One would assume that having been in a D/s relationship for a fair few years now I would have a good grasp on where I am with myself. Well the faux surprise is that I didn’t, until today. Missy and I have been discussing her needs and specific kinks that press her buttons, or more accurately she was trying to explain to me in terms that I would understand. You see kinks are not clear-cut inanimate objects are they? They are more fluid and darker, like a deep pond It was during this swim through the kinky waters that missy announced that she really didn’t know what my kinks were. She knows what we do, but where does the kinky and pervy line get drawn with me?
I had to admit that I had not really thought about it and most of my time is spent enjoying myself doing things to get her off.
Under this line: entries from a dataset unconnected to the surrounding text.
lemma Alg_qmult:
  assumes "f \<in> Alg n" "g \<in> Alg n"
  shows "qmult n \<theta> f g \<in> Alg n"
proof (rule AlgI)
  have "{k. qmult n \<theta> f g k \<noteq> 0} \<subseteq>
          (\<lambda>((\<sigma>, r), (\<tau>, s)). (\<sigma>, r + s)) ` ({k. f k \<noteq> 0} \<times> {k. g k \<noteq> 0})"
  proof
    fix k assume "k \<in> {k. qmult n \<theta> f g k \<noteq> 0}"
    moreover obtain \<sigma> t where k: "k = (\<sigma>, t)" by (cases k)
    ultimately obtain r where "f (\<sigma>, r) \<noteq> 0" "g (\<sigma>, t - r) \<noteq> 0"
      by (auto elim: qmult_nonzeroE)
    then show "k \<in> (\<lambda>((\<sigma>, r), (\<tau>, s)). (\<sigma>, r + s)) ` ({k. f k \<noteq> 0} \<times> {k. g k \<noteq> 0})"
      by (auto simp: k intro!: image_eqI[where x = "((\<sigma>, r), (\<sigma>, t - r))"])
  qed
  then show "finite {k. qmult n \<theta> f g k \<noteq> 0}"
    by (rule finite_subset) (use assms in \<open>simp add: Alg_def\<close>)
next
  fix \<sigma> t assume "qmult n \<theta> f g (\<sigma>, t) \<noteq> 0"
  then obtain r where "f (\<sigma>, r) \<noteq> 0" "g (\<sigma>, t - r) \<noteq> 0"
    by (rule qmult_nonzeroE)
  with assms have "valid_key n (\<sigma>, r)" "valid_key n (\<sigma>, t - r)"
    by (simp_all add: Alg_def)
  then show "valid_key n (\<sigma>, t)" by (simp add: valid_key_def)
qed

lemma psum_in_Alg: "\<sigma> permutes {..<n} \<Longrightarrow> psum \<sigma> \<in> Alg n"
  by (rule Alg_supportI[where T = "{0}"]) (auto simp: psum_apply split: if_splits)

lemma uent_in_Alg: "i < n \<Longrightarrow> uent n i k \<in> Alg n"
  by (rule Alg_supportI[where T = "{unit_vec i}"]) (auto simp: uent_apply unit_vec_def split: if_splits)

lemma uproj_in_Alg: "uproj n \<theta> i k \<in> Alg n"
  by (rule Alg_supportI[where T = "{0}"]) (auto simp: uproj_apply split: if_splits)

definition uproj_prod :: "nat \<Rightarrow> (nat \<Rightarrow> nat \<Rightarrow> real) \<Rightarrow> (nat \<Rightarrow> nat) \<Rightarrow> nat list \<Rightarrow> qel" where
  "uproj_prod n \<theta> \<sigma> ks = foldr (\<lambda>k acc. qmult n \<theta> (uproj n \<theta> (\<sigma> k) k) acc) ks (qone n)"

lemma uproj_prod_apply:
  "uproj_prod n \<theta> \<sigma> ks (\<sigma>', t) =
    (if \<sigma>' permutes {..<n} \<and> t = 0 \<and> (\<forall>k\<in>set ks. \<sigma>' k = \<sigma> k) then 1 else 0)"
proof (induction ks arbitrary: t)
  case Nil
  then show ?case by (simp add: uproj_prod_def qone_apply zero_fun_def)
next
  case (Cons a ks)
  have "uproj_prod n \<theta> \<sigma> (a # ks) (\<sigma>', t) =
          uproj n \<theta> (\<sigma> a) a (\<sigma>', 0) * uproj_prod n \<theta> \<sigma> ks (\<sigma>', t)"
    unfolding uproj_prod_def foldr_Cons o_def
    by (rule qmult_degree0_left) (simp add: uproj_apply split: if_splits)
  with Cons show ?case by (auto simp: uproj_apply)
qed

lemma uproj_prod_in_Alg: "uproj_prod n \<theta> \<sigma> ks \<in> Alg n"
  by (rule Alg_supportI[where T = "{0}"]) (auto simp: uproj_prod_apply split: if_splits)

lemma uproj_prod_eq_psum:
  assumes "\<sigma> permutes {..<n}"
  shows "uproj_prod n \<theta> \<sigma> [0..<n] = psum \<sigma>"
proof
  fix k :: qkey
  obtain \<sigma>' t where k: "k = (\<sigma>', t)" by (cases k)
  show "uproj_prod n \<theta> \<sigma> [0..<n] k = psum \<sigma> k"
    using assms permutes_lessThan_eqI[of \<sigma>' n \<sigma>] by (auto simp: k uproj_prod_apply psum_apply)
qed

subsection \<open>Degree of the left leg\<close>

definition left_degree :: "(nat \<Rightarrow> int) \<Rightarrow> qel2 \<Rightarrow> bool" where
  "left_degree d F \<longleftrightarrow> (\<forall>\<sigma> t l. F ((\<sigma>, t), l) \<noteq> 0 \<longrightarrow> t = d)"

lemma left_degree_qmult2:
  assumes "left_degree d F" "left_degree e G"
  shows "left_degree (d + e) (qmult2 n \<theta> F G)"
  unfolding left_degree_def
proof (intro allI impI)
  fix \<sigma> t l
  assume nz: "qmult2 n \<theta> F G ((\<sigma>, t), l) \<noteq> 0"
  obtain \<tau> u where l: "l = (\<tau>, u)" by (cases l)
  from nz obtain r s where "F ((\<sigma>, r), (\<tau>, s)) \<noteq> 0" "G ((\<sigma>, t - r), (\<tau>, u - s)) \<noteq> 0"
    unfolding l by (rule qmult2_nonzeroE)
  with assms have "r = d" "t - r = e"
    unfolding left_degree_def by blast+
  then show "t = d + e" by (simp add: algebra_simps)
qed

lemma left_degree_qstar2:
  assumes "left_degree d F"
  shows "left_degree (- d) (qstar2 n \<theta> F)"
  unfolding left_degree_def
proof (intro allI impI)
  fix \<sigma> t l
  assume nz: "qstar2 n \<theta> F ((\<sigma>, t), l) \<noteq> 0"
  obtain \<tau> u where l: "l = (\<tau>, u)" by (cases l)
  from nz have "F ((\<sigma>, - t), (\<tau>, - u)) \<noteq> 0"
    by (simp add: l qstar2_def)
  with assms have "- t = d"
    unfolding left_degree_def by blast
  then show "t = - d" by (simp add: minus_equation_iff)
qed

subsection \<open>The comultiplication on the generators\<close>

locale comultiplication =
  fixes n :: nat and \<theta> :: "nat \<Rightarrow> nat \<Rightarrow> real" and \<Delta> :: "qel \<Rightarrow> qel2"
  assumes comult: "is_comult n \<theta> \<Delta>"
begin

lemma Delta_qmult: "a \<in> Alg n \<Longrightarrow> b \<in> Alg n \<Longrightarrow> \<Delta> (qmult n \<theta> a b) = qmult2 n \<theta> (\<Delta> a) (\<Delta> b)"
  using comult by (simp add: is_comult_def)

lemma Delta_qstar: "a \<in> Alg n \<Longrightarrow> \<Delta> (qstar n \<theta> a) = qstar2 n \<theta> (\<Delta> a)"
  using comult by (simp add: is_comult_def)

lemma Delta_qone: "\<Delta> (qone n) = qone2 n"
  using comult by (simp add: is_comult_def)

lemma Delta_uent_apply:
  assumes "i < n" "k < n"
  shows "\<Delta> (uent n i k) ((\<sigma>, t), (\<tau>, u)) =
    (if \<sigma> permutes {..<n} \<and> \<tau> permutes {..<n} \<and> \<sigma> (\<tau> k) = i \<and> t = unit_vec i \<and> u = unit_vec (\<tau> k)
     then 1 else 0)"
proof -
  have "\<Delta> (uent n i k) ((\<sigma>, t), (\<tau>, u)) =
          (\<Sum>j<n. qtensor (uent n i j) (uent n j k) ((\<sigma>, t), (\<tau>, u)))"
    using comult assms by (simp add: is_comult_def sum_apply)
  also have "\<dots> = (\<Sum>j<n. if j = \<tau> k then
      (if \<sigma> permutes {..<n} \<and> \<tau> permutes {..<n} \<and> \<sigma> (\<tau> k) = i \<and> t = unit_vec i \<and> u = unit_vec (\<tau> k)
       then 1 else 0) else 0)"
    by (intro sum.cong) (auto simp: qtensor_def uent_apply)
  also have "\<dots> = (if \<sigma> permutes {..<n} \<and> \<tau> permutes {..<n} \<and> \<sigma> (\<tau> k) = i \<and> t = unit_vec i
      \<and> u = unit_vec (\<tau> k) then 1 else 0)"
    using assms permutes_in_image[of \<tau> "{..<n}" k] by auto
  finally show ?thesis .
qed

lemma Delta_qstar_uent_apply:
  assumes "i < n" "k < n"
  shows "\<Delta> (qstar n \<theta> (uent n i k)) ((\<sigma>, t), (\<tau>, u)) =
    (if \<sigma> permutes {..<n} \<and> \<tau> permutes {..<n} \<and> \<sigma> (\<tau> k) = i \<and> t = - unit_vec i \<and> u = - unit_vec (\<tau> k)
     then 1 else 0)"
  using assms
  by (auto simp: Delta_qstar uent_in_Alg qstar2_def Delta_uent_apply minus_equation_iff[of t]
      minus_equation_iff[of u])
Now before that frown on your forehead becomes permanent, I know, I’m not emotionally intelligent. I never have been, in fact I have never taken the time to carry out any mental self-examination. I did once write about issues I face and part of that is not knowing who I really am, and who I want to be.
So, what did I learn today in school, when walking the dog with missy?
- I like inflicting pain and want to make missy take more for my pleasure
- I am a closet pervert and some of my thoughts are really fucked up!
- Restraining missy makes me want to do bad things to her
- I like putting needles through her skin
- I would like to cut her
- I’ll end it there before an arrest warrant is produced…..but there is more.
You see, I’ve never expressed those thoughts. Again, I know, don’t throw things at me, I’m an only child who is a bit insula! However, I’m out of the closet, of sorts. I see myself slightly different today and missy certainly does. Being spanked is one thing, knowing the spanker has a hard on because of it changes the whole show! The year 2020 might be the year of the Rat for the Chinese, but for me it’s the year of the enlightened!